The Texas motorcycle helmet law (Texas Transportation Code §661.003) does not require every motorcycle rider to wear a helmet. Whether you must wear one depends on your age and whether you qualify for an exemption under the state's 3-tier helmet system.

The three tiers divide Texas riders into distinct categories, each with its own rule and consequence for both criminal and civil liability.

Tier 1: Riders Under 21

Rule: Must wear a DOT-compliant helmet at all times while operating or riding as a passenger on a motorcycle.
Exceptions: None. No safety course or insurance plan removes this requirement.
Penalty: $10–$50 misdemeanor fine under §661.003(h).
Claim impact: Riding without a helmet while under 21 constitutes negligence per se (a traffic violation constitutes automatic negligence), giving the insurer a direct advantage in your motorcycle accident claim.

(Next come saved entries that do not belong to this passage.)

(* Let $K$ be a field with $\operatorname{char}(K)\neq2$, and let $(C_1,C_0,s,t,e,k)$ be a categorical Lie $K$-algebra (so $C_1,C_0$ are Lie $K$-algebras) and $\tau\colon C_0\times C_0\to C_1$ a $K$-bilinear map. Define $\tau^-\colon C_0\times C_0\to C_1$ by $\tau^-_{a,b}=-\tau_{b,a}$. Then $(C_1,C_0,s,t,e,k,\tau)$ is a braided categorical Lie $K$-algebra if and only if $(C_1,C_0,s,t,e,k,(\tau,\tau^-))$ is a braided categorical Leibniz $K$-algebra.
   Context: A Leibniz $K$-algebra: bilinear bracket with $[x,[y,z]]=[[x,y],z]-[[x,z],y]$; a Lie algebra is an antisymmetric one. A categorical Lie (resp. Leibniz) algebra $(C_1,C_0,s,t,e,k)$ is an internal category in Lie (resp. Leibniz) algebras: homomorphisms $s,t\colon C_1\to C_0$, $e\colon C_0\to C_1$, $k\colon\{(x,y)\in C_1\times C_1:t(x)=s(y)\}\to C_1$ with $se=te=\mathrm{Id}$, $sk(x,y)=s(x)$, $tk(x,y)=t(y)$, $k(es(x),x)=x=k(x,et(x))$, $k$ associative ($k(x,y)$ is the composite "$x$ then $y$"). A braiding on a categorical Lie algebra is a bilinear $\tau\colon C_0\times C_0\to C_1$ with, for $a,b,c\in C_0$, $x,y\in C_1$: $s(\tau_{a,b})=[a,b]$, $t(\tau_{a,b})=[b,a]$; $k([x,y],\tau_{t(x),t(y)})=k(\tau_{s(x),s(y)},[y,x])$; $\tau_{[a,b],c}=\tau_{a,[b,c]}-\tau_{b,[a,c]}$; $\tau_{a,[b,c]}=\tau_{[a,b],c}-\tau_{[a,c],b}$. A braiding on a categorical Leibniz algebra is a pair of bilinear $\tau,\psi\colon C_0\times C_0\to C_1$ with $s(\tau_{a,b})=s(\psi_{a,b})=[a,b]$, $t(\tau_{a,b})=t(\psi_{a,b})=-[a,b]$; $k([x,y],\tau_{t(x),t(y)})=k(\tau_{s(x),s(y)},-[x,y])$ and likewise for $\psi$; $\tau_{a,[b,c]}=\tau_{[a,b],c}-\tau_{[a,c],b}$; $\psi_{a,[b,c]}=\tau_{[a,b],c}-\psi_{[a,c],b}$; $\tau_{a,[b,c]}=\tau_{[a,b],c}-\psi_{[a,c],b}$; $\psi_{a,[b,c]}=\psi_{[a,b],c}-\psi_{[a,c],b}$. *)

theory Defs
  imports Main "HOL.Vector_Spaces"
begin

definition bilinear_map ::
  "('k::field \<Rightarrow> 'a::ab_group_add \<Rightarrow> 'a) \<Rightarrow> ('k \<Rightarrow> 'b::ab_group_add \<Rightarrow> 'b)
   \<Rightarrow> ('k \<Rightarrow> 'c::ab_group_add \<Rightarrow> 'c) \<Rightarrow> ('a \<Rightarrow> 'b \<Rightarrow> 'c) \<Rightarrow> bool" where
  "bilinear_map sa sb sc f \<longleftrightarrow>
     (\<forall>x x' y. f (x + x') y = f x y + f x' y) \<and>
     (\<forall>x y y'. f x (y + y') = f x y + f x y') \<and>
     (\<forall>c x y. f (sa c x) y = sc c (f x y)) \<and>
     (\<forall>c x y. f x (sb c y) = sc c (f x y))"

definition leibniz_algebra :: "('k::field \<Rightarrow> 'a::ab_group_add \<Rightarrow> 'a) \<Rightarrow> ('a \<Rightarrow> 'a \<Rightarrow> 'a) \<Rightarrow> bool" where
  "leibniz_algebra sc br \<longleftrightarrow> Vector_Spaces.vector_space sc \<and> bilinear_map sc sc sc br \<and>
     (\<forall>x y z. br x (br y z) = br (br x y) z - br (br x z) y)"

definition lie_algebra :: "('k::field \<Rightarrow> 'a::ab_group_add \<Rightarrow> 'a) \<Rightarrow> ('a \<Rightarrow> 'a \<Rightarrow> 'a) \<Rightarrow> bool" where
  "lie_algebra sc br \<longleftrightarrow> leibniz_algebra sc br \<and> (\<forall>x y. br x y = - br y x)"

definition alg_hom ::
  "('k::field \<Rightarrow> 'a::ab_group_add \<Rightarrow> 'a) \<Rightarrow> ('a \<Rightarrow> 'a \<Rightarrow> 'a)
   \<Rightarrow> ('k \<Rightarrow> 'b::ab_group_add \<Rightarrow> 'b) \<Rightarrow> ('b \<Rightarrow> 'b \<Rightarrow> 'b) \<Rightarrow> ('a \<Rightarrow> 'b) \<Rightarrow> bool" where
  "alg_hom sa bra sb brb f \<longleftrightarrow> Vector_Spaces.linear sa sb f \<and> (\<forall>x y. f (bra x y) = brb (f x) (f y))"

text \<open>The composition k is only meaningful on
 the pullback {(x,y). t x = s y}; it is represented by a total function and all conditions on k
 are imposed only on composable pairs. k x y is the composite "x then y".\<close>
definition cat_axioms ::
  "('k::field \<Rightarrow> 'c1::ab_group_add \<Rightarrow> 'c1) \<Rightarrow> ('c1 \<Rightarrow> 'c1 \<Rightarrow> 'c1)
   \<Rightarrow> ('k \<Rightarrow> 'c0::ab_group_add \<Rightarrow> 'c0) \<Rightarrow> ('c0 \<Rightarrow> 'c0 \<Rightarrow> 'c0)
   \<Rightarrow> ('c1 \<Rightarrow> 'c0) \<Rightarrow> ('c1 \<Rightarrow> 'c0) \<Rightarrow> ('c0 \<Rightarrow> 'c1) \<Rightarrow> ('c1 \<Rightarrow> 'c1 \<Rightarrow> 'c1) \<Rightarrow> bool" where
  "cat_axioms sc1 br1 sc0 br0 s t e k \<longleftrightarrow>
     alg_hom sc1 br1 sc0 br0 s \<and> alg_hom sc1 br1 sc0 br0 t \<and> alg_hom sc0 br0 sc1 br1 e \<and>
     \<comment> \<open>k is a homomorphism on the pullback algebra\<close>
     (\<forall>x y x' y'. t x = s y \<longrightarrow> t x' = s y' \<longrightarrow> k (x + x') (y + y') = k x y + k x' y') \<and>
     (\<forall>c x y. t x = s y \<longrightarrow> k (sc1 c x) (sc1 c y) = sc1 c (k x y)) \<and>
     (\<forall>x y x' y'. t x = s y \<longrightarrow> t x' = s y' \<longrightarrow> k (br1 x x') (br1 y y') = br1 (k x y) (k x' y')) \<and>
     (\<forall>a. s (e a) = a) \<and> (\<forall>a. t (e a) = a) \<and>
     (\<forall>x y. t x = s y \<longrightarrow> s (k x y) = s x) \<and>
     (\<forall>x y. t x = s y \<longrightarrow> t (k x y) = t y) \<and>
     (\<forall>x. k (e (s x)) x = x) \<and> (\<forall>x. k x (e (t x)) = x) \<and>
     (\<forall>x y z. t x = s y \<longrightarrow> t y = s z \<longrightarrow> k (k x y) z = k x (k y z))"

definition cat_lie_algebra where
  "cat_lie_algebra sc1 br1 sc0 br0 s t e k \<longleftrightarrow>
     lie_algebra sc1 br1 \<and> lie_algebra sc0 br0 \<and> cat_axioms sc1 br1 sc0 br0 s t e k"

definition cat_leibniz_algebra where
  "cat_leibniz_algebra sc1 br1 sc0 br0 s t e k \<longleftrightarrow>
     leibniz_algebra sc1 br1 \<and> leibniz_algebra sc0 br0 \<and> cat_axioms sc1 br1 sc0 br0 s t e k"

definition braided_cat_lie_algebra where
  "braided_cat_lie_algebra sc1 br1 sc0 br0 s t e k \<tau> \<longleftrightarrow>
     cat_lie_algebra sc1 br1 sc0 br0 s t e k \<and> bilinear_map sc0 sc0 sc1 \<tau> \<and>
     (\<forall>a b. s (\<tau> a b) = br0 a b) \<and> (\<forall>a b. t (\<tau> a b) = br0 b a) \<and>
     (\<forall>x y. k (br1 x y) (\<tau> (t x) (t y)) = k (\<tau> (s x) (s y)) (br1 y x)) \<and>
     (\<forall>a b c. \<tau> (br0 a b) c = \<tau> a (br0 b c) - \<tau> b (br0 a c)) \<and>
     (\<forall>a b c. \<tau> a (br0 b c) = \<tau> (br0 a b) c - \<tau> (br0 a c) b)"

definition braided_cat_leibniz_algebra where
  "braided_cat_leibniz_algebra sc1 br1 sc0 br0 s t e k \<tau> \<psi> \<longleftrightarrow>
     cat_leibniz_algebra sc1 br1 sc0 br0 s t e k \<and>
     bilinear_map sc0 sc0 sc1 \<tau> \<and> bilinear_map sc0 sc0 sc1 \<psi> \<and>
     (\<forall>a b. s (\<tau> a b) = br0 a b) \<and> (\<forall>a b. s (\<psi> a b) = br0 a b) \<and>
     (\<forall>a b. t (\<tau> a b) = - br0 a b) \<and> (\<forall>a b. t (\<psi> a b) = - br0 a b) \<and>
     (\<forall>x y. k (br1 x y) (\<tau> (t x) (t y)) = k (\<tau> (s x) (s y)) (- br1 x y)) \<and>
     (\<forall>x y. k (br1 x y) (\<psi> (t x) (t y)) = k (\<psi> (s x) (s y)) (- br1 x y)) \<and>
     (\<forall>a b c. \<tau> a (br0 b c) = \<tau> (br0 a b) c - \<tau> (br0 a c) b) \<and>
     (\<forall>a b c. \<psi> a (br0 b c) = \<tau> (br0 a b) c - \<psi> (br0 a c) b) \<and>
     (\<forall>a b c. \<tau> a (br0 b c) = \<tau> (br0 a b) c - \<psi> (br0 a c) b) \<and>
     (\<forall>a b c. \<psi> a (br0 b c) = \<psi> (br0 a b) c - \<psi> (br0 a c) b)"

end

theory Submission
  imports Defs
begin

(* In a Lie algebra the two Jacobi-type axioms of a braiding together force
   tau([a,c], b) = - tau(b, [a,c]). With this antisymmetry on brackets and the antisymmetry of
   both brackets, each Leibniz braiding axiom for the pair (tau, tau^-) is a rewriting of a Lie
   braiding axiom, and conversely. For the compatibility with composition one uses that k,
   being additive on composable pairs, commutes with negation. *)

lemma alg_hom_uminus: "alg_hom sa bra sb brb f \<Longrightarrow> f (- x) = - f x"
  unfolding alg_hom_def by (metis module_hom.neg module_hom_iff_linear)

lemma alg_hom_zero: "alg_hom sa bra sb brb f \<Longrightarrow> f 0 = 0"
  unfolding alg_hom_def by (metis module_hom.zero module_hom_iff_linear)

lemma alg_hom_bracket: "alg_hom sa bra sb brb f \<Longrightarrow> f (bra x y) = brb (f x) (f y)"
  unfolding alg_hom_def by blast

lemma bilinear_map_swap_uminus:
  assumes "Vector_Spaces.vector_space sc" and "bilinear_map sa sb sc f"
  shows "bilinear_map sb sa sc (\<lambda>a b. - f b a)"
proof -
  have "sc c (- x) = - sc c x" for c x
    using assms(1) by (metis module.scale_minus_right module_iff_vector_space)
  then show ?thesis using assms(2) by (auto simp: bilinear_map_def)
qed

lemma cat_axioms_comp_uminus:
  assumes cat: "cat_axioms sc1 br1 sc0 br0 s t e k" and "t x = s y"
  shows "k (- x) (- y) = - k x y"
proof -
  have hs: "alg_hom sc1 br1 sc0 br0 s" and ht: "alg_hom sc1 br1 sc0 br0 t"
    and add: "\<And>x y x' y'. t x = s y \<Longrightarrow> t x' = s y' \<Longrightarrow> k (x + x') (y + y') = k x y + k x' y'"
    using cat by (auto simp: cat_axioms_def)
  have "t (- x) = s (- y)"
    using \<open>t x = s y\<close> alg_hom_uminus[OF hs] alg_hom_uminus[OF ht] by simp
  then have "k 0 0 = k x y + k (- x) (- y)"
    using add[OF \<open>t x = s y\<close> \<open>t (- x) = s (- y)\<close>] by simp
  moreover have "k 0 0 = 0"
    using add[of 0 0 0 0] alg_hom_zero[OF hs] alg_hom_zero[OF ht] by simp
  ultimately show ?thesis by (simp add: eq_neg_iff_add_eq_0 add.commute)
qed

lemma braiding_antisym_on_brackets:
  fixes \<tau> :: "'a \<Rightarrow> 'a \<Rightarrow> 'b::ab_group_add"
  assumes "\<tau> (br a b) c = \<tau> a (br b c) - \<tau> b (br a c)"
    and "\<tau> a (br b c) = \<tau> (br a b) c - \<tau> (br a c) b"
  shows "\<tau> (br a c) b = - \<tau> b (br a c)"
proof -
  have "\<tau> (br a b) c = \<tau> (br a b) c - \<tau> (br a c) b - \<tau> b (br a c)"
    using assms by simp
  then have "\<tau> (br a c) b + \<tau> b (br a c) = 0"
    by (simp add: algebra_simps)
  then show ?thesis by (simp add: eq_neg_iff_add_eq_0)
qed

lemma braided_cat_lie_imp_leibniz:
  assumes B: "braided_cat_lie_algebra sc1 br1 sc0 br0 s t e k \<tau>"
  shows "braided_cat_leibniz_algebra sc1 br1 sc0 br0 s t e k \<tau> (\<lambda>a b. - \<tau> b a)"
proof -
  have lie1: "lie_algebra sc1 br1" and lie0: "lie_algebra sc0 br0"
    and cat: "cat_axioms sc1 br1 sc0 br0 s t e k" and bil: "bilinear_map sc0 sc0 sc1 \<tau>"
    and s\<tau>: "\<And>a b. s (\<tau> a b) = br0 a b" and t\<tau>: "\<And>a b. t (\<tau> a b) = br0 b a"
    and comp: "\<And>x y. k (br1 x y) (\<tau> (t x) (t y)) = k (\<tau> (s x) (s y)) (br1 y x)"
    and hex1: "\<And>a b c. \<tau> (br0 a b) c = \<tau> a (br0 b c) - \<tau> b (br0 a c)"
    and hex2: "\<And>a b c. \<tau> a (br0 b c) = \<tau> (br0 a b) c - \<tau> (br0 a c) b"
    using B unfolding braided_cat_lie_algebra_def cat_lie_algebra_def by blast+
  have anti1: "\<And>x y. br1 x y = - br1 y x" and anti0: "\<And>a b. br0 a b = - br0 b a"
    using lie1 lie0 unfolding lie_algebra_def by blast+
  have hs: "alg_hom sc1 br1 sc0 br0 s" and ht: "alg_hom sc1 br1 sc0 br0 t"
    using cat by (auto simp: cat_axioms_def)
  note s_neg = alg_hom_uminus[OF hs] and t_neg = alg_hom_uminus[OF ht]
  have anti\<tau>: "\<tau> (br0 a b) c = - \<tau> c (br0 a b)" for a b c
    using braiding_antisym_on_brackets[of \<tau> br0, OF hex1 hex2] .
  have comp_neg: "k (br1 x y) (- \<tau> (t y) (t x)) = k (- \<tau> (s y) (s x)) (- br1 x y)" for x y
  proof -
    have "k (br1 x y) (- \<tau> (t y) (t x)) = - k (br1 y x) (\<tau> (t y) (t x))"
      using cat_axioms_comp_uminus[OF cat, of "br1 y x" "\<tau> (t y) (t x)"]
        anti1[of x y] alg_hom_bracket[OF ht] s\<tau> by simp
    also have "\<dots> = - k (\<tau> (s y) (s x)) (br1 x y)" using comp by simp
    also have "\<dots> = k (- \<tau> (s y) (s x)) (- br1 x y)"
      using cat_axioms_comp_uminus[OF cat, of "\<tau> (s y) (s x)" "br1 x y"]
        alg_hom_bracket[OF hs] t\<tau> by simp
    finally show ?thesis .
  qed
  have "cat_leibniz_algebra sc1 br1 sc0 br0 s t e k"
    using lie1 lie0 cat unfolding cat_leibniz_algebra_def lie_algebra_def by blast
  moreover have "bilinear_map sc0 sc0 sc1 (\<lambda>a b. - \<tau> b a)"
    using bilinear_map_swap_uminus bil lie1 unfolding lie_algebra_def leibniz_algebra_def by blast
  moreover have "t (\<tau> a b) = - br0 a b" for a b using t\<tau> anti0[of b a] by simp
  moreover have "s (- \<tau> b a) = br0 a b" for a b using s\<tau> s_neg anti0[of a b] by simp
  moreover have "t (- \<tau> b a) = - br0 a b" for a b using t\<tau> t_neg by simp
  moreover have "k (br1 x y) (\<tau> (t x) (t y)) = k (\<tau> (s x) (s y)) (- br1 x y)" for x y
    using comp anti1[of y x] by simp
  moreover have "- \<tau> (br0 b c) a = \<tau> (br0 a b) c - - \<tau> b (br0 a c)"
    "\<tau> a (br0 b c) = \<tau> (br0 a b) c - - \<tau> b (br0 a c)"
    "- \<tau> (br0 b c) a = - \<tau> c (br0 a b) - - \<tau> b (br0 a c)" for a b c
    using hex2[of a b c] anti\<tau>[of b c a] anti\<tau>[of a c b] anti\<tau>[of a b c] by simp_all
  ultimately show ?thesis
    using bil s\<tau> comp_neg hex2 unfolding braided_cat_leibniz_algebra_def by blast
qed

lemma braided_cat_leibniz_imp_lie:
  assumes lie: "cat_lie_algebra sc1 br1 sc0 br0 s t e k"
    and B: "braided_cat_leibniz_algebra sc1 br1 sc0 br0 s t e k \<tau> (\<lambda>a b. - \<tau> b a)"
  shows "braided_cat_lie_algebra sc1 br1 sc0 br0 s t e k \<tau>"
proof -
  have bil: "bilinear_map sc0 sc0 sc1 \<tau>"
    and s\<tau>: "\<And>a b. s (\<tau> a b) = br0 a b" and t\<tau>: "\<And>a b. t (\<tau> a b) = - br0 a b"
    and comp: "\<And>x y. k (br1 x y) (\<tau> (t x) (t y)) = k (\<tau> (s x) (s y)) (- br1 x y)"
    and hex2: "\<And>a b c. \<tau> a (br0 b c) = \<tau> (br0 a b) c - \<tau> (br0 a c) b"
    and hex3: "\<And>a b c. \<tau> a (br0 b c) = \<tau> (br0 a b) c - - \<tau> b (br0 a c)"
    using B unfolding braided_cat_leibniz_algebra_def by meson+
  have anti1: "\<And>x y. br1 x y = - br1 y x" and anti0: "\<And>a b. br0 a b = - br0 b a"
    using lie unfolding cat_lie_algebra_def lie_algebra_def by blast+
  have "t (\<tau> a b) = br0 b a" for a b using t\<tau> anti0[of b a] by simp
  moreover have "k (br1 x y) (\<tau> (t x) (t y)) = k (\<tau> (s x) (s y)) (br1 y x)" for x y
    using comp anti1[of y x] by simp
  moreover have "\<tau> (br0 a b) c = \<tau> a (br0 b c) - \<tau> b (br0 a c)" for a b c
    using hex3[of a b c] by simp
  ultimately show ?thesis
    using lie bil s\<tau> hex2 unfolding braided_cat_lie_algebra_def by blast
qed

theorem mainTheorem6:
  fixes sc1 :: "'k::field \<Rightarrow> 'c1::ab_group_add \<Rightarrow> 'c1" and br1 :: "'c1 \<Rightarrow> 'c1 \<Rightarrow> 'c1"
    and sc0 :: "'k \<Rightarrow> 'c0::ab_group_add \<Rightarrow> 'c0" and br0 :: "'c0 \<Rightarrow> 'c0 \<Rightarrow> 'c0"
    and s t :: "'c1 \<Rightarrow> 'c0" and e :: "'c0 \<Rightarrow> 'c1" and k :: "'c1 \<Rightarrow> 'c1 \<Rightarrow> 'c1"
    and \<tau> :: "'c0 \<Rightarrow> 'c0 \<Rightarrow> 'c1"
  assumes "(2::'k) \<noteq> 0"
    and "cat_lie_algebra sc1 br1 sc0 br0 s t e k"
    and "bilinear_map sc0 sc0 sc1 \<tau>"
  shows "braided_cat_lie_algebra sc1 br1 sc0 br0 s t e k \<tau> \<longleftrightarrow>
         braided_cat_leibniz_algebra sc1 br1 sc0 br0 s t e k \<tau> (\<lambda>a b. - \<tau> b a)"
  using braided_cat_lie_imp_leibniz braided_cat_leibniz_imp_lie[OF assms(2)] by blast

end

Tier 2: Riders 21+ With Exemption

Rule: May ride without a helmet IF the rider completed a TDLR-approved motorcycle safety course OR carries a qualifying health insurance plan.
History: Before 2009, riders needed proof of at least $10,000 in health insurance coverage. S.B. 1967 eliminated that dollar threshold; any qualifying health plan now suffices. The $10,000 minimum repealed by S.B. 1967 is one of the most misunderstood changes in the Texas helmet law.
Penalty: None (riding helmetless is legal with a valid exemption).
Claim impact: Legal exemption does NOT protect you in a civil claim. Under Nabors v. Romero (Tex. 2015), insurers can still introduce helmet non-use as evidence of comparative negligence.

Tier 3: Riders 21+ Without Exemption

Rule: Must wear a DOT-compliant helmet at all times.
Exceptions: None, unless the rider obtains an exemption through Path 1 (safety course) or Path 2 (health insurance).
Penalty: $10–$50 misdemeanor fine.
Claim impact: Same as Tier 1. Helmetless riding without an exemption constitutes negligence per se in a civil case.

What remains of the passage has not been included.